> **TASK TO CARRY OUT**
Each line below is to be copied out exactly, and none may be omitted.

[Saved entries]
###

lemma \<psi>_word_prod_distinct:
  assumes "distinct (map pos v)" and "\<forall>c\<in>set v. homogeneous_letter \<gamma> c"
  shows "\<psi> (word_prod \<iota> v) = (\<Prod>c\<leftarrow>v. \<phi> (elt c))"
proof -
  obtain s :: 'u where s: "graded_sign v s"
    and sorted: "\<forall>f. graded_commute \<gamma> f \<longrightarrow> word_prod f v = s * word_prod f (sort_key pos v)"
    using word_prod_sort[OF assms(2)] by blast
  define u where "u = sort_key pos v"
  have perm: "mset u = mset v"
    by (simp add: u_def)
  then have "distinct (map pos u)"
    using assms(1) by (metis mset_map mset_eq_imp_distinct_iff)
  then have strict: "sorted_wrt (<) (map pos u)"
    by (simp add: strict_sorted_iff u_def)
  define N where "N = Suc (Max (pos ` set u))"
  have bound: "\<forall>c\<in>set u. 0 \<le> pos c \<and> pos c < N"
    by (auto simp: N_def intro!: le_imp_less_Suc Max_ge)
  have "\<psi> (word_prod \<iota> u) = \<psi> (ordered_prod \<iota> N (word_factors u))"
    using word_prod_strictly_sorted[of \<iota> u 0 N] \<iota>_one strict bound by (simp add: ordered_prod_def)
  also have "\<dots> = (\<Prod>k<N. \<phi> (word_factors u k))"
    by (rule \<psi>_ordered_prod)
  also have "\<dots> = (\<Prod>k\<leftarrow>[0..<N]. \<phi> (word_factors u k))"
    by (metis atLeast_upt distinct_upt prod.distinct_set_conv_list)
  also have "\<dots> = word_prod (\<lambda>_. \<phi>) u"
    using word_prod_strictly_sorted[of "\<lambda>_. \<phi>" u 0 N] \<phi>_one strict bound by simp
  also have "\<dots> = (\<Prod>c\<leftarrow>v. \<phi> (elt c))"
  proof -
    have "mset (map (\<lambda>c. \<phi> (elt c)) u) = mset (map (\<lambda>c. \<phi> (elt c)) v)"
      using perm by simp
    then show ?thesis
      unfolding word_prod_def by (metis prod_mset_prod_list)
  qed
  finally have sorted_value: "\<psi> (word_prod \<iota> u) = (\<Prod>c\<leftarrow>v. \<phi> (elt c))" .
  have v_u: "word_prod \<iota> v = s * word_prod \<iota> u"
    using sorted \<iota>_graded_commute by (simp add: u_def)
  from s consider "s = 1" | "s = -1" and "\<exists>c\<in>set v. odd_deg c"
    by (auto simp: graded_sign_def)
  then show ?thesis
  proof cases
    case 1
    then show ?thesis
      using v_u sorted_value by simp
  next
    case 2
    then obtain c where "c \<in> set v" and "odd_deg c"
      by blast
    then have "\<phi> (elt c) = 0"
      using assms(2) \<phi>_odd by (auto simp: homogeneous_letter_def)
    then have "(\<Prod>c\<leftarrow>v. \<phi> (elt c)) = 0"
      using \<open>c \<in> set v\<close> by (auto simp: prod_list_zero_iff)
    then show ?thesis
      using v_u sorted_value 2 by (simp add: module_hom.neg[OF \<psi>_hom])
  qed
qed

lemma \<psi>_word_prod_relabel:
  assumes "inj \<sigma>" and "\<forall>c\<in>set w. homogeneous_letter \<gamma> c"
  shows "\<psi> (word_prod \<iota> w) = \<psi> (word_prod (\<lambda>k. \<iota> (\<sigma> k)) w)"
proof -
  obtain s :: 'u and v where s: "s = 1 \<or> s = -1"
    and v: "distinct (map pos v)" "\<forall>c\<in>set v. homogeneous_letter \<gamma> c"
    and normal: "\<forall>f. graded_commute \<gamma> f \<longrightarrow> (\<forall>k x y. f k (x * y) = f k x * f k y) \<longrightarrow>
      word_prod f w = s * word_prod f v"
    using word_prod_normal_form[OF \<gamma>_mult assms(2)] by blast
  define v' where "v' = map (\<lambda>c. Letter (\<sigma> (pos c)) (elt c) (odd_deg c)) v"
  have "map pos v' = map \<sigma> (map pos v)"
    by (simp add: v'_def)
  moreover have "distinct (map \<sigma> (map pos v))"
    using v(1) by (simp only: distinct_map) (meson assms(1) inj_on_subset subset_UNIV)
  ultimately have "distinct (map pos v')"
    by simp
  moreover have "\<forall>c\<in>set v'. homogeneous_letter \<gamma> c"
    using v(2) by (auto simp: v'_def homogeneous_letter_def)
  ultimately have "\<psi> (word_prod \<iota> v') = \<psi> (word_prod \<iota> v)"
    using v by (simp add: \<psi>_word_prod_distinct v'_def o_def)
  moreover have "word_prod (\<lambda>k. \<iota> (\<sigma> k)) v = word_prod \<iota> v'"
    by (simp add: v'_def word_prod_def o_def)
  moreover have "word_prod \<iota> w = s * word_prod \<iota> v"
    using normal[rule_format, OF \<iota>_graded_commute] \<iota>_mult by simp
  moreover have "word_prod (\<lambda>k. \<iota> (\<sigma> k)) w = s * word_prod (\<lambda>k. \<iota> (\<sigma> k)) v"
    using normal[rule_format, OF graded_commute_relabel[OF \<iota>_graded_commute assms(1)]] \<iota>_mult by simp
  ultimately show ?thesis
    using s by (auto simp: module_hom.neg[OF \<psi>_hom])
qed

lemma \<psi>_prod_relabel_homogeneous:
  assumes "inj \<sigma>" and "\<And>j. j < n \<Longrightarrow> even_elt \<gamma> (X j) \<or> odd_elt \<gamma> (X j)"
  shows "\<psi> (\<Prod>j\<leftarrow>[0..<n]. \<iota> (i j) (X j)) = \<psi> (\<Prod>j\<leftarrow>[0..<n]. \<iota> (\<sigma> (i j)) (X j))"
proof -
  define w where "w = map (\<lambda>j. Letter (i j) (X j) (\<not> even_elt \<gamma> (X j))) [0..<n]"
  have "\<forall>c\<in>set w. homogeneous_letter \<gamma> c"
    by (auto simp: w_def homogeneous_letter_def dest: assms(2))
  then have "\<psi> (word_prod \<iota> w) = \<psi> (word_prod (\<lambda>k. \<iota> (\<sigma> k)) w)"
    by (rule \<psi>_word_prod_relabel[OF assms(1)])
  then show ?thesis
    by (simp add: w_def word_prod_def o_def)
qed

###

> **OUTPUT OF THE EXERCISE**
lemma \<psi>_word_prod_distinct:
  assumes "distinct (map pos v)" and "\<forall>c\<in>set v. homogeneous_letter \<gamma> c"
  shows "\<psi> (word_prod \<iota> v) = (\<Prod>c\<leftarrow>v. \<phi> (elt c))"
proof -
  obtain s :: 'u where s: "graded_sign v s"
    and sorted: "\<forall>f. graded_commute \<gamma> f \<longrightarrow> word_prod f v = s * word_prod f (sort_key pos v)"
    using word_prod_sort[OF assms(2)] by blast
  define u where "u = sort_key pos v"
  have perm: "mset u = mset v"
    by (simp add: u_def)
  then have "distinct (map pos u)"
    using assms(1) by (metis mset_map mset_eq_imp_distinct_iff)
  then have strict: "sorted_wrt (<) (map pos u)"
    by (simp add: strict_sorted_iff u_def)
  define N where "N = Suc (Max (pos ` set u))"
  have bound: "\<forall>c\<in>set u. 0 \<le> pos c \<and> pos c < N"
    by (auto simp: N_def intro!: le_imp_less_Suc Max_ge)
  have "\<psi> (word_prod \<iota> u) = \<psi> (ordered_prod \<iota> N (word_factors u))"
    using word_prod_strictly_sorted[of \<iota> u 0 N] \<iota>_one strict bound by (simp add: ordered_prod_def)
  also have "\<dots> = (\<Prod>k<N. \<phi> (word_factors u k))"
    by (rule \<psi>_ordered_prod)
  also have "\<dots> = (\<Prod>k\<leftarrow>[0..<N]. \<phi> (word_factors u k))"
    by (metis atLeast_upt distinct_upt prod.distinct_set_conv_list)
  also have "\<dots> = word_prod (\<lambda>_. \<phi>) u"
    using word_prod_strictly_sorted[of "\<lambda>_. \<phi>" u 0 N] \<phi>_one strict bound by simp
  also have "\<dots> = (\<Prod>c\<leftarrow>v. \<phi> (elt c))"
  proof -
    have "mset (map (\<lambda>c. \<phi> (elt c)) u) = mset (map (\<lambda>c. \<phi> (elt c)) v)"
      using perm by simp
    then show ?thesis
      unfolding word_prod_def by (metis prod_mset_prod_list)
  qed
  finally have sorted_value: "\<psi> (word_prod \<iota> u) = (\<Prod>c\<leftarrow>v. \<phi> (elt c))" .
  have v_u: "word_prod \<iota> v = s * word_prod \<iota> u"
    using sorted \<iota>_graded_commute by (simp add: u_def)
  from s consider "s = 1" | "s = -1" and "\<exists>c\<in>set v. odd_deg c"
    by (auto simp: graded_sign_def)
  then show ?thesis
  proof cases
    case 1
    then show ?thesis
      using v_u sorted_value by simp
  next
    case 2
    then obtain c where "c \<in> set v" and "odd_deg c"
      by blast
    then have "\<phi> (elt c) = 0"
      using assms(2) \<phi>_odd by (auto simp: homogeneous_letter_def)
    then have "(\<Prod>c\<leftarrow>v. \<phi> (elt c)) = 0"
      using \<open>c \<in> set v\<close> by (auto simp: prod_list_zero_iff)
    then show ?thesis
      using v_u sorted_value 2 by (simp add: module_hom.neg[OF \<psi>_hom])
  qed
qed

lemma \<psi>_word_prod_relabel:
  assumes "inj \<sigma>" and "\<forall>c\<in>set w. homogeneous_letter \<gamma> c"
  shows "\<psi> (word_prod \<iota> w) = \<psi> (word_prod (\<lambda>k. \<iota> (\<sigma> k)) w)"
proof -
  obtain s :: 'u and v where s: "s = 1 \<or> s = -1"
    and v: "distinct (map pos v)" "\<forall>c\<in>set v. homogeneous_letter \<gamma> c"
    and normal: "\<forall>f. graded_commute \<gamma> f \<longrightarrow> (\<forall>k x y. f k (x * y) = f k x * f k y) \<longrightarrow>
      word_prod f w = s * word_prod f v"
    using word_prod_normal_form[OF \<gamma>_mult assms(2)] by blast
  define v' where "v' = map (\<lambda>c. Letter (\<sigma> (pos c)) (elt c) (odd_deg c)) v"
  have "map pos v' = map \<sigma> (map pos v)"
    by (simp add: v'_def)
  moreover have "distinct (map \<sigma> (map pos v))"
    using v(1) by (simp only: distinct_map) (meson assms(1) inj_on_subset subset_UNIV)
  ultimately have "distinct (map pos v')"
    by simp
  moreover have "\<forall>c\<in>set v'. homogeneous_letter \<gamma> c"
    using v(2) by (auto simp: v'_def homogeneous_letter_def)
  ultimately have "\<psi> (word_prod \<iota> v') = \<psi> (word_prod \<iota> v)"
    using v by (simp add: \<psi>_word_prod_distinct v'_def o_def)
  moreover have "word_prod (\<lambda>k. \<iota> (\<sigma> k)) v = word_prod \<iota> v'"
    by (simp add: v'_def word_prod_def o_def)
  moreover have "word_prod \<iota> w = s * word_prod \<iota> v"
    using normal[rule_format, OF \<iota>_graded_commute] \<iota>_mult by simp
  moreover have "word_prod (\<lambda>k. \<iota> (\<sigma> k)) w = s * word_prod (\<lambda>k. \<iota> (\<sigma> k)) v"
    using normal[rule_format, OF graded_commute_relabel[OF \<iota>_graded_commute assms(1)]] \<iota>_mult by simp
  ultimately show ?thesis
    using s by (auto simp: module_hom.neg[OF \<psi>_hom])
qed

lemma \<psi>_prod_relabel_homogeneous:
  assumes "inj \<sigma>" and "\<And>j. j < n \<Longrightarrow> even_elt \<gamma> (X j) \<or> odd_elt \<gamma> (X j)"
  shows "\<psi> (\<Prod>j\<leftarrow>[0..<n]. \<iota> (i j) (X j)) = \<psi> (\<Prod>j\<leftarrow>[0..<n]. \<iota> (\<sigma> (i j)) (X j))"
proof -
  define w where "w = map (\<lambda>j. Letter (i j) (X j) (\<not> even_elt \<gamma> (X j))) [0..<n]"
  have "\<forall>c\<in>set w. homogeneous_letter \<gamma> c"
    by (auto simp: w_def homogeneous_letter_def dest: assms(2))
  then have "\<psi> (word_prod \<iota> w) = \<psi> (word_prod (\<lambda>k. \<iota> (\<sigma> k)) w)"
    by (rule \<psi>_word_prod_relabel[OF assms(1)])
  then show ?thesis
    by (simp add: w_def word_prod_def o_def)
qed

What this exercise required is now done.